■ Description of the task: The exercise asks you to copy every line below in which "Union" appears.

■ Exercise material:
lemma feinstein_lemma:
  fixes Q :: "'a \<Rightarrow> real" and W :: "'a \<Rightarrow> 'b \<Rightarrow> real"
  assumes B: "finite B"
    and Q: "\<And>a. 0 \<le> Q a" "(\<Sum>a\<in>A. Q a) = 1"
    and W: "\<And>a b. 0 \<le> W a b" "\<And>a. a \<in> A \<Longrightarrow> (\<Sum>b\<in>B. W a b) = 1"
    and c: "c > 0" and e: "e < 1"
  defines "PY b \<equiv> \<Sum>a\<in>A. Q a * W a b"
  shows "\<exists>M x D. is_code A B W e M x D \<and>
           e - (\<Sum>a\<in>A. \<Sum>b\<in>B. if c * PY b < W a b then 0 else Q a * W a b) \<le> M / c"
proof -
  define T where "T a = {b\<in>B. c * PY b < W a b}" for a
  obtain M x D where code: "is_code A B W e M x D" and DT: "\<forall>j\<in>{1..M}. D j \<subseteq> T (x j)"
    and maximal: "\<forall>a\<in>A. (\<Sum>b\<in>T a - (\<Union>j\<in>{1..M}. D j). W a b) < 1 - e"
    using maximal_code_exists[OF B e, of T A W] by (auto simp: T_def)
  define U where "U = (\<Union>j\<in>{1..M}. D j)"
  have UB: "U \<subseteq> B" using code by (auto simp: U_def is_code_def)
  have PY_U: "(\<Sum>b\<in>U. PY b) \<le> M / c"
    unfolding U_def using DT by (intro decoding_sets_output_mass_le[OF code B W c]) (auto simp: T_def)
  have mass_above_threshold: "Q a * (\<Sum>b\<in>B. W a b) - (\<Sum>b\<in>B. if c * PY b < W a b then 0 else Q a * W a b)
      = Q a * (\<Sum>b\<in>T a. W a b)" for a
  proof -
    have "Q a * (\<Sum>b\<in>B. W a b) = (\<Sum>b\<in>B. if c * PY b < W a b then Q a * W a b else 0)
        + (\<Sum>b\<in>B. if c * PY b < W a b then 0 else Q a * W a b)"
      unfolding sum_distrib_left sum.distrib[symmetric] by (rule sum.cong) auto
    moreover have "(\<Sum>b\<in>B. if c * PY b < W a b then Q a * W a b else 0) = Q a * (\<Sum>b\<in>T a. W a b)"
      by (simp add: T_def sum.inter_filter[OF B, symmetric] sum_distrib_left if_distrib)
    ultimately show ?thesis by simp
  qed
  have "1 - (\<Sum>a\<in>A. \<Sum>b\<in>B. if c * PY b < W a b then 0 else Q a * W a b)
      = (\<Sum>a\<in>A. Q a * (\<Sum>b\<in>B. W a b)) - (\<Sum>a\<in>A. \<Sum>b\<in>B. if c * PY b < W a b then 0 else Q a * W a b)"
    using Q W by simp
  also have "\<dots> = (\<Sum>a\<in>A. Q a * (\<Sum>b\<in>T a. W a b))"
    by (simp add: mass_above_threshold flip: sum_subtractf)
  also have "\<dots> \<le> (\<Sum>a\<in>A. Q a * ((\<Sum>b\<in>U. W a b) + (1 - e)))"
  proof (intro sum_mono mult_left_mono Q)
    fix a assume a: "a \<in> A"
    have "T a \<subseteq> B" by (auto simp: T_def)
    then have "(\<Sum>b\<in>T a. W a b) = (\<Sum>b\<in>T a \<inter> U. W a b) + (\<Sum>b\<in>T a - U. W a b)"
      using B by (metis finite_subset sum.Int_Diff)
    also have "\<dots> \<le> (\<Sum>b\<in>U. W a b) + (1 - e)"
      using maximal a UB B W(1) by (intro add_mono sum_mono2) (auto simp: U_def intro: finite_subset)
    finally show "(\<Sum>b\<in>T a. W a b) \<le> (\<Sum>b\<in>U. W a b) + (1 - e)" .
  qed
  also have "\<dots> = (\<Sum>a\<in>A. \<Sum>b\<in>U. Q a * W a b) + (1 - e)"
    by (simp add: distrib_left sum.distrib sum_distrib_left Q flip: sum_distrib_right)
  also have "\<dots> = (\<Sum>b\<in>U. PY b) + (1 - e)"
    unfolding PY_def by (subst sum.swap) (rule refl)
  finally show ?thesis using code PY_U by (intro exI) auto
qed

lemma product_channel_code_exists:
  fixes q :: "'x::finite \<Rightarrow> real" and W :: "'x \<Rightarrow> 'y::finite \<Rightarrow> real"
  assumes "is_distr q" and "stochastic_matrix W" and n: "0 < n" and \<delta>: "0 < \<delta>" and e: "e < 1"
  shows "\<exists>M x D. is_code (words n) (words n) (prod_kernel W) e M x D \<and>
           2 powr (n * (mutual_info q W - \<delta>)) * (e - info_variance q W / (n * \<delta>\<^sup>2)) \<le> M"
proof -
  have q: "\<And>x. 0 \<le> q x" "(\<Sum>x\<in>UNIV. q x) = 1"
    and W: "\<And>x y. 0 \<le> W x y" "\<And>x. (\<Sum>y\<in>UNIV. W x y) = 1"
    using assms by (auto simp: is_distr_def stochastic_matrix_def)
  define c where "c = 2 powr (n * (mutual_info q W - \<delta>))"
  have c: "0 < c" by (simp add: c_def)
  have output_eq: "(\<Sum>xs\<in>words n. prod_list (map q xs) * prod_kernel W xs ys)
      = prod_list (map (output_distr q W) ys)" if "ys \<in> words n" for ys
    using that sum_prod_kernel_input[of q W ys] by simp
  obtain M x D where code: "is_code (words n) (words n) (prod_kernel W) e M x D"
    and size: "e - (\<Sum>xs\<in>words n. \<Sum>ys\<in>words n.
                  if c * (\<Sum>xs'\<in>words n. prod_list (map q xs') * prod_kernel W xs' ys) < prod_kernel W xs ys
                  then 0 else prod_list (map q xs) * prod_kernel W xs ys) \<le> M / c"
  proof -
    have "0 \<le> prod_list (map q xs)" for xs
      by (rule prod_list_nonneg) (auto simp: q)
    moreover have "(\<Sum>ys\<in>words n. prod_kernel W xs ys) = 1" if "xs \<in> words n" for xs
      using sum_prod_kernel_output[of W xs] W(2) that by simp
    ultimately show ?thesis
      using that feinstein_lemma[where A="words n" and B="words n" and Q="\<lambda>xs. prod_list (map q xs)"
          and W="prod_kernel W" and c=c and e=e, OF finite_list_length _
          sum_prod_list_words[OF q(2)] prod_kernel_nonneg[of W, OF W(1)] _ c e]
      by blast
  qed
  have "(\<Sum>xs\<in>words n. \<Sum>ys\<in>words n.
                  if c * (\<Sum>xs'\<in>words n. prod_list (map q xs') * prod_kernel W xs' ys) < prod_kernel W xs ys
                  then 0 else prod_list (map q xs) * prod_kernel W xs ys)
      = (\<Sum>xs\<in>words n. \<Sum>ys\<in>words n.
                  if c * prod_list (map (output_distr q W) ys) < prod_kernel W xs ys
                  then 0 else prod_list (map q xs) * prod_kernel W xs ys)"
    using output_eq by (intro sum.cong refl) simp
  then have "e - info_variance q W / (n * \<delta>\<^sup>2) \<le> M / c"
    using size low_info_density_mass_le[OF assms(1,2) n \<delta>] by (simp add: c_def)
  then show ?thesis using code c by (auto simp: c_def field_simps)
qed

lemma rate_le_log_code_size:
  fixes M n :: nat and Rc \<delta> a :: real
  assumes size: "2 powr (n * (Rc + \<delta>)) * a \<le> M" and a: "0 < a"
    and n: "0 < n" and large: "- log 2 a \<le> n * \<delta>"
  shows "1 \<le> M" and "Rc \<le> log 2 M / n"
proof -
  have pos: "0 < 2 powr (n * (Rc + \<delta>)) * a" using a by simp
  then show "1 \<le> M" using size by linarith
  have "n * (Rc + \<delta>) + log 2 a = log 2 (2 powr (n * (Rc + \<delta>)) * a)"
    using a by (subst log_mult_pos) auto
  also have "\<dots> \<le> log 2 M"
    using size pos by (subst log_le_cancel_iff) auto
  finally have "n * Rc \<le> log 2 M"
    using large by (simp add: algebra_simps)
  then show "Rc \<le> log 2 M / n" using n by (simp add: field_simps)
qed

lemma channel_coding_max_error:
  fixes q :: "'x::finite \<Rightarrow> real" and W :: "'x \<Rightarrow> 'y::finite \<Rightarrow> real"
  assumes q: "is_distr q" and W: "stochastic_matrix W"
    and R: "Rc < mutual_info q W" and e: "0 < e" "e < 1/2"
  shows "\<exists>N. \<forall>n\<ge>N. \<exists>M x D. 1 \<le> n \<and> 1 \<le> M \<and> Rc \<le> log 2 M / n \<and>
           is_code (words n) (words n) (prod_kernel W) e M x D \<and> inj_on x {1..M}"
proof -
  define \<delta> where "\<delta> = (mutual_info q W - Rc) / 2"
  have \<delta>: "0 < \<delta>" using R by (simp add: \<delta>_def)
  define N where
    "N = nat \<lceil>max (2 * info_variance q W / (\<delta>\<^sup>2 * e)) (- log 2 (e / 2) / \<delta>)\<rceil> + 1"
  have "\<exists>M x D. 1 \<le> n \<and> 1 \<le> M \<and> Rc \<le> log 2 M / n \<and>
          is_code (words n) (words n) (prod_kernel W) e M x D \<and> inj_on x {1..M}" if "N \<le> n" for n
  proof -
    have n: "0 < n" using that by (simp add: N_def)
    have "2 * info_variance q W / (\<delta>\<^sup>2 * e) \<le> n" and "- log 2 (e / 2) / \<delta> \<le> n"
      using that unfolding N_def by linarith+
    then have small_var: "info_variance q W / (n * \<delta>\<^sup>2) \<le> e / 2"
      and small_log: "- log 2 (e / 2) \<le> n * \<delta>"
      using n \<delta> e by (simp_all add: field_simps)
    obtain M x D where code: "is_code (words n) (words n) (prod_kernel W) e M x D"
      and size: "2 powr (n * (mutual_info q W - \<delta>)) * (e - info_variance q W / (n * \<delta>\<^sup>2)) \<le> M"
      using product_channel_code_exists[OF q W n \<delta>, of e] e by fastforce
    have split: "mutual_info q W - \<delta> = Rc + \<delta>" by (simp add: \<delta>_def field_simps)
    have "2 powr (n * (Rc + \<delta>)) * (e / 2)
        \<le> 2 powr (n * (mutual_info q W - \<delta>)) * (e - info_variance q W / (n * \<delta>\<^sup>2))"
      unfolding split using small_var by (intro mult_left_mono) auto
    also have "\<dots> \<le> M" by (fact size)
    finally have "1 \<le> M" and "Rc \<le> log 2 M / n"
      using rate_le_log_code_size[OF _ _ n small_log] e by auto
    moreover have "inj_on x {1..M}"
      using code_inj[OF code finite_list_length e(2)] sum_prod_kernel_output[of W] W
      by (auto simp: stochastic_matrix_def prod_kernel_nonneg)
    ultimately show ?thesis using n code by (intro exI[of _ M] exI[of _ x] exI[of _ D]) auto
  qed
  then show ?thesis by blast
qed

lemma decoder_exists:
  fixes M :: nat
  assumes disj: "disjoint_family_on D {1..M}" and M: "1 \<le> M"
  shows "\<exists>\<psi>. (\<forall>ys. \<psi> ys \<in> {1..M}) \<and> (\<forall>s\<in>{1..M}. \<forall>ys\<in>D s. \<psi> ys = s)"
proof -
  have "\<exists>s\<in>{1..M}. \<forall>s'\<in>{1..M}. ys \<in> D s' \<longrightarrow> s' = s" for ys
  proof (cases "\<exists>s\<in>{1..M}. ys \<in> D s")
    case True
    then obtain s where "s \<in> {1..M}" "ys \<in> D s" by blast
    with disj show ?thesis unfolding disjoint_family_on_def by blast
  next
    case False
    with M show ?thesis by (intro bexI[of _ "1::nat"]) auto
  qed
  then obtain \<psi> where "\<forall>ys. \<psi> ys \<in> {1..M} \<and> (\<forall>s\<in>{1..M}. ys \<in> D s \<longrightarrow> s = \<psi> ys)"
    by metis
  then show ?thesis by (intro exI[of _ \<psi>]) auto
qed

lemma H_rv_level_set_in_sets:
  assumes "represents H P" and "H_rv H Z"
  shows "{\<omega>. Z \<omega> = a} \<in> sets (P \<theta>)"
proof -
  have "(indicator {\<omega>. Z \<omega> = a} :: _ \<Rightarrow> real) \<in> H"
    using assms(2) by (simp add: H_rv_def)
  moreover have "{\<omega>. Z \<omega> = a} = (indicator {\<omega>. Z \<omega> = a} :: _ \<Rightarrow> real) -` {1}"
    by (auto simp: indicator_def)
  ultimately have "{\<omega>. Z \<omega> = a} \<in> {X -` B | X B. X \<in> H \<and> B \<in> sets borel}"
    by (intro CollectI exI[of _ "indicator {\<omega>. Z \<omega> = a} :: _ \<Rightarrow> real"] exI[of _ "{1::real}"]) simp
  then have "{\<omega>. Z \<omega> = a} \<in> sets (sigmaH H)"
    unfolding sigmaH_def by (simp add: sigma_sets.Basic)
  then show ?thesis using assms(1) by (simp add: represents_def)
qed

■ Exercise answer:
    and maximal: "\<forall>a\<in>A. (\<Sum>b\<in>T a - (\<Union>j\<in>{1..M}. D j). W a b) < 1 - e"
  define U where "U = (\<Union>j\<in>{1..M}. D j)"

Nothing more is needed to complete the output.